Doing this carefully the solution is finally found to be

$$f_{s}(a) = \left(\prod _{m=0}^{a-1} g(m+1)\right) \left(\sum _{n=-1}^{a-1} \frac{1-g(n+1)}{\prod _{m=0}^n g(m+1)}-\frac{5}{7}\right)\tag{5}$$

Shifting indices and noticing that $g(0)=1$ this can be written more elegantly as

$$f_{s}(a) = \left(\prod _{m=1}^{a} g(m)\right) \left(\sum _{n=1}^{a} \frac{1-g(n)}{\prod _{m=1}^{n} g(m)}-\frac{5}{7}\right)\tag{5a}$$

Expression $(5a)$ is similar to that of Raffaele.

To derive $(5)$ we have used that

$$g(0) = 1, g(1) = \frac{7}{12}\tag{6}$$

Checking $f_{s}(1)=0$:

The second factor in $f_{s}(a)$ vanishes because

$$\sum _{n=-1}^{a-1} \frac{1-g(n+1)}{\prod _{m=0}^n g(m+1)}=\left(\frac{1-g(n+1)}{\prod _{m=0}^n g(m+1)}\text{/.}\, n\to -1\right)+\left(\frac{1-g(n+1)}{\prod _{m=0}^n g(m+1)}\text{/.}\, n\to 0\right)=0+\frac{5}{7}$$

Checking $f_{s}(2) = \frac{125}{216}$: OK

In fact from the original recusion $(0)$ we get

$$f(2)=\frac{1}{6} \left(-\frac{1}{36} 41 (1-f(1))+\frac{7}{18} (f(1)-1)+f(1)+5\right)\text{/.}\, f(1)\to 0=\frac{125}{216}$$

which conincides with $f_{s}(2)$.

Discussion

As noticed in the solution of Jean-Claude Arbaut my formula $(5a)$ can be transformed into this much simpler expression:

$$f(a) = 1 - \prod_{k=2}^{a} g(k)\tag{5b}$$

Noticing also that we can write

$$g(k) = \frac{1}{6^{k+1}} H_6^{(-k)}\tag{5c}$$

where $H_n^{(m)}$ is the harmonic number of order $m$ we get from $(5b)$ that

$$f(a) = 1-6^{\frac{1}{2} \left(-a^2-3 a+4\right)} \prod _{k=2}^a H_6^{(-k)}\tag{5d}$$

so that $f$ is expressed in terms of known (but higher trancendental) functions.

Answer 2

Let's call $\varphi(k)=6^{-k-2} \left(1+2^{k+1}+2^{2 k+2}+3^{k+1}+5^{k+1}+6^{k+1}\right)$

and $\gamma(h)=6^{-h-2} \left(1+2^{h+1}+2^{2 h+2}+3^{h+1}+5^{h+1}-5\ 6^{h+1}\right)$

Then we have

$$f(a)= \left(\prod _{k=1}^{a-1} \varphi(k)\right) \sum _{h=0}^{a-1} \left(-\frac{\gamma(h)}{\prod _{k=1}^h \varphi(k)}\right)-\frac{5}{12} \prod _{k=1}^{a-1} \varphi(k)$$

first values are $$\left(0,\frac{125}{216},\frac{26645}{31104},\frac{231720479}{241864704},\frac{3720223313533}{3761479876608},\ldots\right)$$

Answer 3

Your recurrence can be written, with $v(a)=1-f(a)$,

$$v(a)=v(a-1)\frac16\sum_{i=1}^6\left(\frac{i}{6}\right)^a$$

And $v(1)=1$.

This leads immediately to:

$$f(a)=1-\frac{1}{6^{a-1}}\prod_{k=2}^{a}\left[\left(\frac{1}{6}\right)^{k} +\left(\frac{2}{6}\right)^{k}+\left(\frac{3}{6}\right)^{k}+\left(\frac{4}{6}\right)^{k}+\left(\frac{5}{6}\right)^{k}+\left(\frac{6}{6}\right)^{k} \right]$$

Not sure it qualifies as a "closed form", but I suspect you can't do much better.
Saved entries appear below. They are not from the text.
(* Let $J$ be either a closed interval or a circle, let $n\geq 4$, let $\gamma:J\to\mathbb{R}^n$ be an injective continuous map of bounded variation, and let $\varepsilon>0$. Let $P:\mathbb{R}^n\to\mathbb{R}^{n-1}$ be the projection onto the last $n-1$ coordinates. Then there exists a linear operator $T:\mathbb{R}^n\to\mathbb{R}^{n-1}$ with $\|T-P\|<\varepsilon$ such that $T\circ\gamma$ is injective.
   Context: $\|\cdot\|$ denotes the operator norm with respect to the Euclidean norms. *)

theory Defs
  imports "HOL-Analysis.Analysis"
begin

definition bounded_variation_on :: "(real \<Rightarrow> 'a::real_normed_vector) \<Rightarrow> real \<Rightarrow> real \<Rightarrow> bool" where
  "bounded_variation_on f a b \<longleftrightarrow>
     (\<exists>M. \<forall>(n::nat) (t::nat \<Rightarrow> real).
        (\<forall>i\<le>n. a \<le> t i \<and> t i \<le> b) \<and> (\<forall>i<n. t i \<le> t (Suc i)) \<longrightarrow>
        (\<Sum>i<n. norm (f (t (Suc i)) - f (t i))) \<le> M)"

definition circle_bounded_variation :: "(complex \<Rightarrow> 'a::real_normed_vector) \<Rightarrow> bool" where
  "circle_bounded_variation f \<longleftrightarrow> bounded_variation_on (\<lambda>t. f (cis (2 * pi * t))) 0 1"

end

theory Submission
  imports Defs
begin

text \<open>Write points of \<open>\<real>\<^sup>n\<close> as pairs \<open>(x, y)\<close> with \<open>x\<close> real, so that \<open>P (x, y) = y\<close>.
  The shear \<open>T\<^sub>w (x, y) = y - x w\<close> is linear with \<open>\<parallel>T\<^sub>w - P\<parallel> \<le> \<bar>w\<bar>\<close>, and it identifies two
  distinct points exactly when their first coordinates differ and \<open>w\<close> is the slope of the secant
  through them. So it suffices to find a small \<open>w\<close> that is not a secant slope of the curve.
  Reparametrised by arc length, the curve becomes 1-Lipschitz on a set of reals, so its secant
  slopes are the image of a subset of the plane under a locally Lipschitz map into
  \<open>\<real>\<^sup>n\<^sup>-\<^sup>1\<close>; as \<open>n - 1 \<ge> 3\<close>, this image is Lebesgue-null and misses
  some point of every ball.\<close>

lemma locally_Lipschitz_at_comp_bounded_linear:
  assumes "bounded_linear \<pi>"
    and "\<exists>T B. open T \<and> \<pi> y \<in> T \<and> (\<forall>x \<in> S \<inter> T. norm (f x - f (\<pi> y)) \<le> B * norm (x - \<pi> y))"
  shows "\<exists>T B. open T \<and> y \<in> T \<and> (\<forall>y' \<in> \<pi> -` S \<inter> T. norm (f (\<pi> y') - f (\<pi> y)) \<le> B * norm (y' - y))"
proof -
  obtain T B where "open T" "\<pi> y \<in> T"
    and B: "\<forall>x \<in> S \<inter> T. norm (f x - f (\<pi> y)) \<le> B * norm (x - \<pi> y)"
    using assms(2) by blast
  obtain C where C: "\<And>x. norm (\<pi> x) \<le> C * norm x"
    using bounded_linear.bounded[OF assms(1)] by (metis mult.commute)
  show ?thesis
  proof (intro exI conjI ballI)
    show "open (\<pi> -` T)"
      using \<open>open T\<close> assms(1) by (intro continuous_open_vimage linear_continuous_at)
    show "y \<in> \<pi> -` T"
      using \<open>\<pi> y \<in> T\<close> by simp
    fix y' assume "y' \<in> \<pi> -` S \<inter> \<pi> -` T"
    then have "norm (f (\<pi> y') - f (\<pi> y)) \<le> B * norm (\<pi> y' - \<pi> y)"
      using B by simp
    also have "\<dots> \<le> \<bar>B\<bar> * norm (\<pi> y' - \<pi> y)"
      by (intro mult_right_mono) auto
    also have "\<dots> \<le> \<bar>B\<bar> * C * norm (y' - y)"
      using C[of "y' - y"] linear_diff[OF bounded_linear.linear[OF assms(1)]]
      by (simp add: mult.assoc mult_left_mono)
    finally show "norm (f (\<pi> y') - f (\<pi> y)) \<le> \<bar>B\<bar> * C * norm (y' - y)" .
  qed
qed

lemma negligible_locally_Lipschitz_image_lowdim:
  fixes f :: "'M::euclidean_space \<Rightarrow> 'N::euclidean_space"
  assumes "DIM('M) < DIM('N)"
    and lips: "\<And>x. x \<in> S \<Longrightarrow>
      \<exists>T B. open T \<and> x \<in> T \<and> (\<forall>y \<in> S \<inter> T. norm (f y - f x) \<le> B * norm (y - x))"
  shows "negligible (f ` S)"
proof -
  \<comment> \<open>Lift \<open>S\<close> into a coordinate hyperplane of \<open>'N\<close>, where it is null, and undo the lift
    by a linear map before applying \<open>f\<close>.\<close>
  obtain lift :: "'M \<times> real \<Rightarrow> 'N" and drop :: "'N \<Rightarrow> 'M \<times> real" and j :: 'N
    where "linear drop" and drop_lift: "\<And>z. drop (lift z) = z"
      and "j \<in> Basis" and j: "\<And>x. lift (x, 0) \<bullet> j = 0"
    using lowerdim_embeddings[OF assms(1)] by metis
  define \<pi> where "\<pi> = fst \<circ> drop"
  have "bounded_linear \<pi>"
    unfolding \<pi>_def using \<open>linear drop\<close>
    by (simp add: linear_conv_bounded_linear[symmetric] linear_compose[OF _ linear_fst])
  define S' where "S' = (\<lambda>x. lift (x, 0)) ` S"
  have "negligible S'"
    by (rule negligible_subset[OF negligible_standard_hyperplane[OF \<open>j \<in> Basis\<close>, of 0]])
      (auto simp: S'_def j)
  moreover have "\<exists>T B. open T \<and> y \<in> T \<and> (\<forall>y' \<in> S' \<inter> T. norm (f (\<pi> y') - f (\<pi> y)) \<le> B * norm (y' - y))"
    if "y \<in> S'" for y
  proof -
    have "S' \<subseteq> \<pi> -` S" "\<pi> y \<in> S"
      using that by (auto simp: S'_def \<pi>_def drop_lift)
    with locally_Lipschitz_at_comp_bounded_linear[OF \<open>bounded_linear \<pi>\<close> lips[OF \<open>\<pi> y \<in> S\<close>]]
    show ?thesis
      by blast
  qed
  ultimately have "negligible ((f \<circ> \<pi>) ` S')"
    by (intro negligible_locally_Lipschitz_image) auto
  moreover have "(f \<circ> \<pi>) ` S' = f ` S"
    unfolding S'_def image_comp by (simp add: o_def \<pi>_def drop_lift)
  ultimately show ?thesis
    by simp
qed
If the problem is performance, notice that you can improve it very much by keeping all preceding values of $f(a)$ in memory. Then computing the next one simply requires applying your recurrence, which is not difficult to compute. Notice also that $f(a)$ converges to $1$ linearly.